Canyoureadthis? I bet you can. How is it that we can read sentences without the spaces?

More to the point, how can we teach computers to read without spaces?

A nifty paper by Matt Mahoney, from the Florida Institute of Technology outlines one approach:

http://www.cs.fit.edu/~mmahoney/dissertation/lex1.html

The paper cites research by another scientist, showing that infants are able to parse the continuous sound of English before they are even able to speak their own first word.

Matt shows a way to apply stastical analysis to the breaks between characters and determine which breaks signify words. I need to put together something like it, if I choose to go that route for a project I'm working on.

But then I have to figure out how to words in get order the right. And that you do how do?

A puzzle for another day.

Satellite radio is the wave of the future. Higher-quality broadcasts, digital feeds, no commercials, and hundreds of channels. Even the equipment is cooler -- most interfaces display the names of the songs that are playing and can provide other information. It's just awesome.

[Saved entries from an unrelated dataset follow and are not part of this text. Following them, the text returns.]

lemma finite_pmfs_support_values:
  assumes "finite X" and "finite V"
  shows "finite {p. set_pmf p \<subseteq> X \<and> (\<forall>x \<in> X. pmf p x \<in> V)}"
proof (rule finite_imageD)
  let ?P = "{p. set_pmf p \<subseteq> X \<and> (\<forall>x \<in> X. pmf p x \<in> V)}"
  show "finite ((\<lambda>p. restrict (pmf p) X) ` ?P)"
    by (rule finite_subset[OF _ finite_PiE[OF assms(1), of "\<lambda>_. V"]]) (use assms in auto)
  show "inj_on (\<lambda>p. restrict (pmf p) X) ?P"
  proof (rule inj_onI)
    fix p q assume "p \<in> ?P" "q \<in> ?P" and eq: "restrict (pmf p) X = restrict (pmf q) X"
    show "p = q"
    proof (rule pmf_eqI)
      fix x show "pmf p x = pmf q x"
      proof (cases "x \<in> X")
        case True thus ?thesis using fun_cong[OF eq, of x] by simp
      next
        case False thus ?thesis using \<open>p \<in> ?P\<close> \<open>q \<in> ?P\<close> by (metis (no_types, lifting)
          mem_Collect_eq pmf_eq_0_set_pmf subsetD)
      qed
    qed
  qed
qed

lemma finite_Lsat:
  assumes "finitely_supported T" and "image_finite T s" and "finite_process T s"
  shows "finite (Lsat T s)"
proof -
  define C where "C = {c. is_comp T s c}"
  define V where "V = insert 0 (sum comp_prob ` Pow C)"
  have "finite C" unfolding C_def using finite_comps[OF assms] .
  have "\<Psi> \<in> {p. set_pmf p \<subseteq> trace_formula ` C \<and> (\<forall>\<Phi> \<in> trace_formula ` C. pmf p \<Phi> \<in> V)}"
    if "\<Psi> \<in> Lsat T s" for \<Psi>
  proof -
    have sat: "sat_tdf T s \<Psi>" using that unfolding Lsat_def by simp
    have "\<Phi> \<in> trace_formula ` C \<and> pmf \<Psi> \<Phi> \<in> V" if \<Phi>: "\<Phi> \<in> set_pmf \<Psi>" for \<Phi>
    proof -
      obtain A where A: "A \<subseteq> C" "\<forall>c \<in> A. trace_formula c = \<Phi>"
          "pmf \<Psi> \<Phi> = sum comp_prob A" "A \<noteq> {}"
        using sat_tdf_weight_eq_sum_comp_prob[OF sat \<Phi>] unfolding C_def by blast
      then obtain c where "c \<in> A" by blast
      hence "\<Phi> \<in> trace_formula ` C" using A(1,2) by (metis image_eqI subsetD)
      moreover have "pmf \<Psi> \<Phi> \<in> V" unfolding V_def using A(1,3) by blast
      ultimately show ?thesis ..
    qed
    moreover have "pmf \<Psi> \<Phi> \<in> V" if "\<Phi> \<notin> set_pmf \<Psi>" for \<Phi>
      using that unfolding V_def by (simp add: set_pmf_iff)
    ultimately show ?thesis by blast
  qed
  hence "Lsat T s \<subseteq> {p. set_pmf p \<subseteq> trace_formula ` C \<and> (\<forall>\<Phi> \<in> trace_formula ` C. pmf p \<Phi> \<in> V)}"
    by blast
  moreover have "finite V" unfolding V_def using \<open>finite C\<close> by simp
  hence "finite {p. set_pmf p \<subseteq> trace_formula ` C \<and> (\<forall>\<Phi> \<in> trace_formula ` C. pmf p \<Phi> \<in> V)}"
    using \<open>finite C\<close> by (intro finite_pmfs_support_values finite_imageI)
  ultimately show ?thesis by (rule finite_subset)
qed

Of course, if you want to listen to it, you have to buy a satellite receiver. Which is understandable. But then you have to pay an additional monthly subscription fee. Which is not understandable.

What if I were to walk down the street, screaming at the top of my lungs? It would irritate my neighbors, sure. But they'd get even more irritated when I told them that they had to pay me for the privilege of listening.

That's exactly what satellite radio is doing! A satellite broadcasts across a huge chunk of the country. The satellite broadcasts through my air, and through your air. The radio waves it emits might even now be causing cancerous mutations in our cells.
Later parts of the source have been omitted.